The EU cannot count

The economic blow dealt by Brexit will be four times greater in the UK than the EU, according to the latest forecasts by Brussels.

A month into the new relationship, the European commission said the UK’s exit on the terms agreed by Boris Johnson’s government would generate a loss in gross domestic product (GDP) by the end of 2022 of about 2.25% in the UK compared with continued membership. In contrast, the hit for the EU is estimated to be about 0.5% over the same period.

EU GDP is about $18 trillion, 0.5% of that is $90 billion.

UK GDP is about $2.2 trillion (ignore this past year). 2.25% of that is $49.5 billion.

Brexit will be twice as expensive for the EU as it is for the UK.

14 thoughts on “The EU cannot count”

  1. Isn’t that steady state economics, assuming that there is no change in trade patterns from no longer having tariff-free access to Estonia, Latvia, Bulgaria, Romania, Croatia etc? When you look at the composition of the EU, you cannot help but be overwhelmed by the economic might of 7/8 of its members

  2. So Much For Subtlety

    Of course they can count. They are just not honest. So they need to make it sound like they are winning and Britain is losing.

    Whereas the truth is the money is irrelevant. We got rid of those cunts in Brussels and they got left with them. The value of that? Priceless.

  3. Just routine EU lying.

    Indeed routine govt lying.

    At the moment Johnson’s lies are far more numerous and even more clumsy than the EU’s.

    Even the fucking EU isn’t crass enough to have posters up saying “Act like you are losing”.

  4. The economic blow dealt by Brexit will be four times greater in the UK than the EU, according to the latest forecasts by Brussels.

    “Brexit less of a problem for the EU, so there!”, says the EU

  5. Worth pointing out that the EU doesn’t trade with the UK. Individual companies in individual countries in the EU trade with individual companies in the UK. Most people in the UK won’t be affected by Brexit. UK’s a net importer & there will be substitution of imports. Most people in the EU won’t be either. The loss will be imposed on individual companies in individual countries.
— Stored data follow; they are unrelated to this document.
lemma c_epsL_asymptotics:
  assumes "L \<ge> 1" "s > 0" "\<And>x. \<bar>\<tau> x\<bar> \<le> 1"
    and "\<And>x. x \<in> square s \<Longrightarrow> \<tau> x = 1" "\<And>x. x \<notin> square b \<Longrightarrow> \<tau> x = 0"
    and "N \<in> null_sets lborel" "\<And>x. x \<notin> N \<Longrightarrow> isCont \<tau> x"
  shows "((\<lambda>\<epsilon>. c_epsL \<tau> \<epsilon> L - 1 / (2 * pi) * ln (1 / \<epsilon>)
      - ((weight_log_const + outer_const \<tau> s (N \<union> edge_lines s)) / 4 + ln s / (2 * pi)))
    \<longlongrightarrow> riemann_error L / 4) (at_right 0)"
proof -
  let ?c = "(weight_log_const + outer_const \<tau> s (N \<union> edge_lines s)) / 4 + ln s / (2 * pi)"
  have null: "N \<union> edge_lines s \<in> null_sets lborel"
    using assms(6) null_sets_edge_lines by (rule null_sets.Un)
  have cont: "isCont (outer_profile \<tau> s) x" if "x \<notin> N \<union> edge_lines s" for x
    using that assms(7) by (intro isCont_outer_profile) auto
  from tendsto_diff[OF c_epsL_asymptotics_at_top[where L = L and s = s and \<tau> = \<tau> and b = b
      and N = "N \<union> edge_lines s", OF assms(1-5) null cont] tendsto_const[of ?c]]
  have "((\<lambda>t. c_epsL \<tau> (1 / t) L - ln t / (2 * pi) - ?c) \<longlongrightarrow> riemann_error L / 4) at_top"
    by (simp add: field_simps)
  from filterlim_compose[OF this filterlim_inverse_at_top_right] show ?thesis
    by (simp add: inverse_eq_divide)
qed

theorem lemma6p16:
  shows "\<exists>C :: real \<Rightarrow> real. (C \<longlongrightarrow> 0) at_top \<and>
    (\<forall>\<tau> :: real \<times> real \<Rightarrow> real.
       ((\<forall>x. 0 \<le> \<tau> x \<and> \<tau> x \<le> 1) \<and>
        (AE x in lborel. isCont \<tau> x) \<and>
        (\<exists>a b. 0 < a \<and> a < b \<and>
           (\<forall>x \<in> ball 0 a. \<tau> x = 1) \<and> (\<forall>x. x \<notin> ball 0 b \<longrightarrow> \<tau> x = 0)))
       \<longrightarrow> (\<exists>c\<tau> :: real. \<forall>L \<ge> 1.
              ((\<lambda>\<epsilon>. c_epsL \<tau> \<epsilon> L - 1 / (2 * pi) * ln (1 / \<epsilon>) - c\<tau>) \<longlongrightarrow> C L)
                (at_right 0)))"
proof (intro exI[of _ "\<lambda>L. riemann_error L / 4"] conjI allI impI)
  show "((\<lambda>L. riemann_error L / 4) \<longlongrightarrow> 0) at_top"
    by (rule tendsto_divide_zero[OF riemann_error_tendsto_0])
  fix \<tau> :: "real \<times> real \<Rightarrow> real"
  assume hyps: "(\<forall>x. 0 \<le> \<tau> x \<and> \<tau> x \<le> 1) \<and> (AE x in lborel. isCont \<tau> x) \<and>
    (\<exists>a b. 0 < a \<and> a < b \<and> (\<forall>x \<in> ball 0 a. \<tau> x = 1) \<and> (\<forall>x. x \<notin> ball 0 b \<longrightarrow> \<tau> x = 0))"
  then obtain a b where "0 < a" and one: "\<forall>x \<in> ball 0 a. \<tau> x = 1" and zero: "\<forall>x. x \<notin> ball 0 b \<longrightarrow> \<tau> x = 0"
    by blast
  from hyps have "AE x in lborel. isCont \<tau> x" by simp
  then obtain N where "{x \<in> space lborel. \<not> isCont \<tau> x} \<subseteq> N" "emeasure lborel N = 0" "N \<in> sets lborel"
    by (rule AE_E)
  then have N: "N \<in> null_sets lborel" "\<And>x. x \<notin> N \<Longrightarrow> isCont \<tau> x" by auto
  define s where "s = a / 3"
  have "0 < s" "square s \<subseteq> ball 0 a"
    using square_subset_cball[of s] \<open>0 < a\<close> by (auto simp: s_def)
  then have inner: "\<tau> x = 1" if "x \<in> square s" for x
    using one that by blast
  have outer: "\<tau> x = 0" if "x \<notin> square b" for x
    using zero that ball_subset_square[of b] by blast
  have bound: "\<bar>\<tau> x\<bar> \<le> 1" for x
  proof -
    have "0 \<le> \<tau> x" "\<tau> x \<le> 1" using hyps by blast+
    then show ?thesis by simp
  qed
  show "\<exists>c\<tau>. \<forall>L \<ge> 1. ((\<lambda>\<epsilon>. c_epsL \<tau> \<epsilon> L - 1 / (2 * pi) * ln (1 / \<epsilon>) - c\<tau>)
      \<longlongrightarrow> riemann_error L / 4) (at_right 0)"
    using c_epsL_asymptotics[where \<tau> = \<tau> and s = s and b = b and N = N, OF _ \<open>0 < s\<close> bound inner outer N]
    by blast
qed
Thus division is sown Which the EU has to cope with.
    All in all a net gain we can all relish

  6. Spot on, BIS. I wonder how deep the trade connections that UK companies have built up with the EU 27 minus about 6 countries, compared with the links with US, India, Singapore, Hong Kong, Canada etc. Those links matter when the world economy is getting battered.

  7. Have they taken into account the cost to the richer nations in the EU of the next bail-out when one of the poorer EU nations goes tits-up?
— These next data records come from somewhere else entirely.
(* Let $(M,d)$ be a pointed metric space with $d(x,y)\in\mathbb N\cup\{0\}$ for all $x,y\in M$, and let $A\subseteq\widetilde M$ be cyclically monotonic. Then there exists $f\in B_{\mathrm{Lip}_0(M)}$ such that $f(x)\in\mathbb Z$ for all $x\in M$ and $f(m_{x,y})=1$ for all $(x,y)\in A$.
   Context: $M$ has base point $0$; $\mathrm{Lip}_0(M)$ is the real Banach space of Lipschitz $f\colon M\to\mathbb R$ with $f(0)=0$, normed by the best Lipschitz constant, with unit ball $B_{\mathrm{Lip}_0(M)}$. $\widetilde M=\{(x,y)\in M\times M:x\ne y\}$ and $f(m_{x,y})=(f(x)-f(y))/d(x,y)$. $A\subseteq\widetilde M$ is cyclically monotonic if for every finite sequence $(x_1,y_1),\dots,(x_n,y_n)\in A$, with $y_{n+1}=y_1$, $\sum_i d(x_i,y_{i+1})\ge\sum_i d(x_i,y_i)$. *)

theory Defs
  imports "HOL-Analysis.Analysis"
begin

definition pairs_distinct :: "('a \<times> 'a) set" where
  "pairs_distinct = {(x, y). x \<noteq> y}"

text \<open>Evaluation of f at the molecule m_{x,y}.\<close>
definition mol_eval :: "('a::metric_space \<Rightarrow> real) \<Rightarrow> 'a \<Rightarrow> 'a \<Rightarrow> real" where
  "mol_eval f x y = (f x - f y) / dist x y"

text \<open>Cyclic monotonicity: for every finite nonempty sequence (x_1,y_1),...,(x_n,y_n) in A,
  with y_{n+1} = y_1, sum d(x_i, y_{i+1}) >= sum d(x_i, y_i). Indices are 0..n-1 here.\<close>
definition cyclically_monotonic :: "('a::metric_space \<times> 'a) set \<Rightarrow> bool" where
  "cyclically_monotonic A \<longleftrightarrow>
     A \<subseteq> pairs_distinct \<and>
     (\<forall>n::nat. \<forall>p :: nat \<Rightarrow> 'a \<times> 'a. n \<ge> 1 \<longrightarrow> (\<forall>i<n. p i \<in> A) \<longrightarrow>
        (\<Sum>i<n. dist (fst (p i)) (snd (p i))) \<le> (\<Sum>i<n. dist (fst (p i)) (snd (p (Suc i mod n)))))"

end

theory Submission
  imports Defs
begin

(* Rockafellar's construction of a potential for a cyclically monotone relation.  Fix
   (x0, y0) in A and let g z be the infimum, over chains (x_1, y_1), ..., (x_n, y_n) in A
   followed by (x0, y0), of d(z, y_1) + sum_(i=1..n) (d(x_i, y_(i+1)) - d(x_i, y_i)) with
   y_(n+1) = y0.  Closing such a chain into a cycle through (x0, y0) and using cyclic
   monotonicity bounds these costs below by d(x0, y0) - d(z, x0), so g is finite.  Moving the
   starting point costs at most the distance moved, so g is 1-Lipschitz; prepending a pair
   (x, y) of A shows g y + d(x, y) <= g x, hence g x - g y = d(x, y) on A.  For integer
   distances all costs are integers, so the infimum is attained and g is integer-valued. *)

lemma Inf_mem_Ints:
  fixes S :: "real set"
  assumes "S \<subseteq> \<int>" "S \<noteq> {}" "bdd_below S"
  shows "Inf S \<in> S"
proof -
  obtain s where s: "s \<in> S" "s < Inf S + 1"
    using cInf_lessD[OF assms(2), of "Inf S + 1"] by auto
  have "s \<le> t" if "t \<in> S" for t
  proof -
    obtain a b where "s = of_int a" "t = of_int b"
      using assms(1) s(1) \<open>t \<in> S\<close> by (metis Ints_cases subsetD)
    moreover have "s < t + 1"
      using s(2) cInf_lower[OF \<open>t \<in> S\<close> assms(3)] by linarith
    ultimately show ?thesis by simp
  qed
  then have "s \<le> Inf S" by (rule cInf_greatest[OF assms(2)])
  with cInf_lower[OF s(1) assms(3)] s(1) show ?thesis by simp
qed

lemma cyclically_monotonicD:
  assumes "cyclically_monotonic A" "\<forall>i<n. p i \<in> A" "n \<ge> 1"
  shows "(\<Sum>i<n. dist (fst (p i)) (snd (p i))) \<le> (\<Sum>i<n. dist (fst (p i)) (snd (p (Suc i mod n))))"
  using assms unfolding cyclically_monotonic_def by blast

definition chain_costs :: "('a::metric_space \<times> 'a) set \<Rightarrow> 'a \<Rightarrow> 'a \<Rightarrow> 'a \<Rightarrow> real set" where
  "chain_costs A x0 y0 z = {dist z (snd (p 0)) +
     (\<Sum>i<n. dist (fst (p i)) (snd (p (Suc i))) - dist (fst (p i)) (snd (p i))) | n p.
       (\<forall>i<n. p i \<in> A) \<and> p n = (x0, y0)}"

definition chain_potential :: "('a::metric_space \<times> 'a) set \<Rightarrow> 'a \<Rightarrow> 'a \<Rightarrow> 'a \<Rightarrow> real" where
  "chain_potential A x0 y0 z = Inf (chain_costs A x0 y0 z)"

lemma dist_in_chain_costs: "dist z y0 \<in> chain_costs A x0 y0 z"
  unfolding chain_costs_def by (auto intro!: exI[of _ 0] exI[of _ "\<lambda>_. (x0, y0)"])

lemma chain_costs_nonempty: "chain_costs A x0 y0 z \<noteq> {}"
  using dist_in_chain_costs by blast

lemma chain_costs_lower_bound:
  assumes "cyclically_monotonic A" "(x0, y0) \<in> A" "v \<in> chain_costs A x0 y0 z"
  shows "dist x0 y0 - dist z x0 \<le> v"
proof -
  from assms(3) obtain n p where p: "\<forall>i<n. p i \<in> A" "p n = (x0, y0)"
    and v: "v = dist z (snd (p 0)) +
      (\<Sum>i<n. dist (fst (p i)) (snd (p (Suc i))) - dist (fst (p i)) (snd (p i)))"
    unfolding chain_costs_def by blast
  have "\<forall>i<Suc n. p i \<in> A"
    using p assms(2) less_Suc_eq by auto
  then have "(\<Sum>i<n. dist (fst (p i)) (snd (p i))) + dist x0 y0
      \<le> (\<Sum>i<n. dist (fst (p i)) (snd (p (Suc i)))) + dist x0 (snd (p 0))"
    using cyclically_monotonicD[OF assms(1), of "Suc n" p] p(2) by simp
  moreover have "dist x0 (snd (p 0)) \<le> dist z x0 + dist z (snd (p 0))"
    by (metis dist_commute dist_triangle)
  ultimately show ?thesis
    using v by (simp add: sum_subtractf)
qed

lemma bdd_below_chain_costs:
  assumes "cyclically_monotonic A" "(x0, y0) \<in> A"
  shows "bdd_below (chain_costs A x0 y0 z)"
  using chain_costs_lower_bound[OF assms] unfolding bdd_below_def by blast

lemma chain_costs_Ints:
  assumes "\<forall>x y :: 'a::metric_space. dist x y \<in> \<nat>"
  shows "chain_costs A x0 y0 (z::'a) \<subseteq> \<int>"
proof -
  have "dist x y \<in> \<int>" for x y :: 'a
    using assms Nats_subset_Ints by blast
  then show ?thesis
    unfolding chain_costs_def by (auto intro!: Ints_add Ints_sum Ints_diff)
qed

lemma chain_costs_move_start:
  assumes "v \<in> chain_costs A x0 y0 z"
  shows "\<exists>w \<in> chain_costs A x0 y0 z'. w \<le> v + dist z z'"
proof -
  from assms obtain n p where p: "\<forall>i<n. p i \<in> A" "p n = (x0, y0)"
    and v: "v = dist z (snd (p 0)) +
      (\<Sum>i<n. dist (fst (p i)) (snd (p (Suc i))) - dist (fst (p i)) (snd (p i)))"
    unfolding chain_costs_def by blast
  let ?w = "dist z' (snd (p 0)) +
    (\<Sum>i<n. dist (fst (p i)) (snd (p (Suc i))) - dist (fst (p i)) (snd (p i)))"
  have "?w \<in> chain_costs A x0 y0 z'"
    unfolding chain_costs_def using p by blast
  moreover have "dist z' (snd (p 0)) \<le> dist z (snd (p 0)) + dist z z'"
    by (metis dist_commute dist_triangle)
  ultimately show ?thesis
    using v by (intro bexI[of _ ?w]) auto
qed

lemma chain_costs_prepend:
  assumes "(x, y) \<in> A" "v \<in> chain_costs A x0 y0 x"
  shows "v - dist x y \<in> chain_costs A x0 y0 y"
proof -
  from assms(2) obtain n p where p: "\<forall>i<n. p i \<in> A" "p n = (x0, y0)"
    and v: "v = dist x (snd (p 0)) +
      (\<Sum>i<n. dist (fst (p i)) (snd (p (Suc i))) - dist (fst (p i)) (snd (p i)))"
    unfolding chain_costs_def by blast
  define q where "q i = (case i of 0 \<Rightarrow> (x, y) | Suc j \<Rightarrow> p j)" for i
  have q: "\<forall>i<Suc n. q i \<in> A" "q (Suc n) = (x0, y0)"
    using p assms(1) unfolding q_def by (auto split: nat.split)
  have "v - dist x y = dist y (snd (q 0)) +
      (\<Sum>i<Suc n. dist (fst (q i)) (snd (q (Suc i))) - dist (fst (q i)) (snd (q i)))"
    unfolding v by (simp add: sum.lessThan_Suc_shift q_def del: sum.lessThan_Suc)
  also have "\<dots> \<in> chain_costs A x0 y0 y"
    unfolding chain_costs_def using q by blast
  finally show ?thesis .
qed

context
  fixes A :: "('a::metric_space \<times> 'a) set" and x0 y0 :: 'a
  assumes cm: "cyclically_monotonic A" and x0y0: "(x0, y0) \<in> A"
begin

lemma chain_potential_le_add_dist: "chain_potential A x0 y0 x \<le> chain_potential A x0 y0 y + dist x y"
proof -
  have "chain_potential A x0 y0 x - dist x y \<le> v" if v: "v \<in> chain_costs A x0 y0 y" for v
  proof -
    obtain w where "w \<in> chain_costs A x0 y0 x" "w \<le> v + dist y x"
      using chain_costs_move_start[OF v] by blast
    then show ?thesis
      using cInf_lower[OF _ bdd_below_chain_costs[OF cm x0y0]]
      unfolding chain_potential_def by (fastforce simp: dist_commute)
  qed
  then have "chain_potential A x0 y0 x - dist x y \<le> chain_potential A x0 y0 y"
    unfolding chain_potential_def by (intro cInf_greatest chain_costs_nonempty)
  then show ?thesis by simp
qed

lemma lipschitz_chain_potential: "1-lipschitz_on UNIV (chain_potential A x0 y0)"
proof (rule lipschitz_onI)
  fix z z' :: 'a
  show "dist (chain_potential A x0 y0 z) (chain_potential A x0 y0 z') \<le> 1 * dist z z'"
    using chain_potential_le_add_dist[of z z'] chain_potential_le_add_dist[of z' z]
    by (simp add: dist_real_def dist_commute abs_le_iff)
qed simp

lemma chain_potential_add_dist_le:
  assumes "(x, y) \<in> A"
  shows "chain_potential A x0 y0 y + dist x y \<le> chain_potential A x0 y0 x"
proof -
  have "chain_potential A x0 y0 y \<le> v - dist x y" if "v \<in> chain_costs A x0 y0 x" for v
    unfolding chain_potential_def
    by (rule cInf_lower[OF chain_costs_prepend[OF assms that] bdd_below_chain_costs[OF cm x0y0]])
  then have "chain_potential A x0 y0 y + dist x y \<le> Inf (chain_costs A x0 y0 x)"
    by (intro cInf_greatest chain_costs_nonempty) (simp add: algebra_simps)
  then show ?thesis
    unfolding chain_potential_def .
qed

lemma chain_potential_diff_eq_dist:
  assumes "(x, y) \<in> A"
  shows "chain_potential A x0 y0 x - chain_potential A x0 y0 y = dist x y"
  using chain_potential_add_dist_le[OF assms] chain_potential_le_add_dist[of x y]
  by (simp add: dist_commute)

lemma chain_potential_Ints:
  assumes "\<forall>x y :: 'a. dist x y \<in> \<nat>"
  shows "chain_potential A x0 y0 z \<in> \<int>"
  using Inf_mem_Ints[OF chain_costs_Ints[OF assms] chain_costs_nonempty bdd_below_chain_costs[OF cm x0y0]]
    chain_costs_Ints[OF assms]
  unfolding chain_potential_def by blast

end

theorem lemma5p1:
  fixes base :: "'a::metric_space"
    and A :: "('a \<times> 'a) set"
  assumes "\<forall>x y :: 'a. dist x y \<in> \<nat>"
    and "cyclically_monotonic A"
  shows "\<exists>f :: 'a \<Rightarrow> real. f base = 0 \<and> 1-lipschitz_on UNIV f \<and>
           (\<forall>x. f x \<in> \<int>) \<and> (\<forall>(x, y) \<in> A. mol_eval f x y = 1)"
proof (cases "A = {}")
  case True
  then show ?thesis
    by (intro exI[of _ "\<lambda>_. 0"]) (auto intro: lipschitz_onI)
next
  case False
  then obtain x0 y0 where x0y0: "(x0, y0) \<in> A" by auto
  define g where "g = chain_potential A x0 y0"
  define f where "f z = g z - g base" for z
  have "1-lipschitz_on UNIV f"
    using lipschitz_chain_potential[OF assms(2) x0y0]
    unfolding f_def g_def lipschitz_on_def by (simp add: dist_real_def)
  moreover have "f x \<in> \<int>" for x
    using chain_potential_Ints[OF assms(2) x0y0 assms(1)] unfolding f_def g_def by auto
  moreover have "mol_eval f x y = 1" if "(x, y) \<in> A" for x y
  proof -
    have "x \<noteq> y"
      using assms(2) that unfolding cyclically_monotonic_def pairs_distinct_def by auto
    then show ?thesis
      using chain_potential_diff_eq_dist[OF assms(2) x0y0 that]
      unfolding mol_eval_def f_def g_def by simp
  qed
  ultimately show ?thesis
    by (intro exI[of _ f]) (auto simp: f_def)
qed

end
    The UK will be spared that cost.

  8. That $18 trillion figure seems dubiously high. Are we really saying that the EU, sans the UK, has a GDP c.9x that of the UK? Seems unlikely.

  9. Bloke in North Dorset

    As if we didn’t know, we’re getting to see who the EU’s friends really are – soft on Russia, soft on China, hard on UK.

  10. Brexit will be twice as expensive for the EU as it is for the UK.

    Tsk, tsk, Tim. I’m pretty sure I’ve seen you complain when the (say) Guardian swops between percentages and totals for convenience or stupidity.

    Taking the EU’s figures at face value (never a good idea) then of course we suffer a worse economic blow at 2.25% of GDP vs 0.5% for them.

  11. @PJF
    But with this you have to look at the money, not the %. Which is I imagine the point of the post. EU GDP happens in a lot of countries don’t trade much with the UK. And as I said above. The EU doesn’t trade with the UK at all.

  12. @ PJF
    The Grauniad missed out the word “proportionately” from both the headline and the text.
    Perhaps they are both innumerate and illiterate or perhaps they are lying to imply a greater effect and hope no-one will pick them up on it.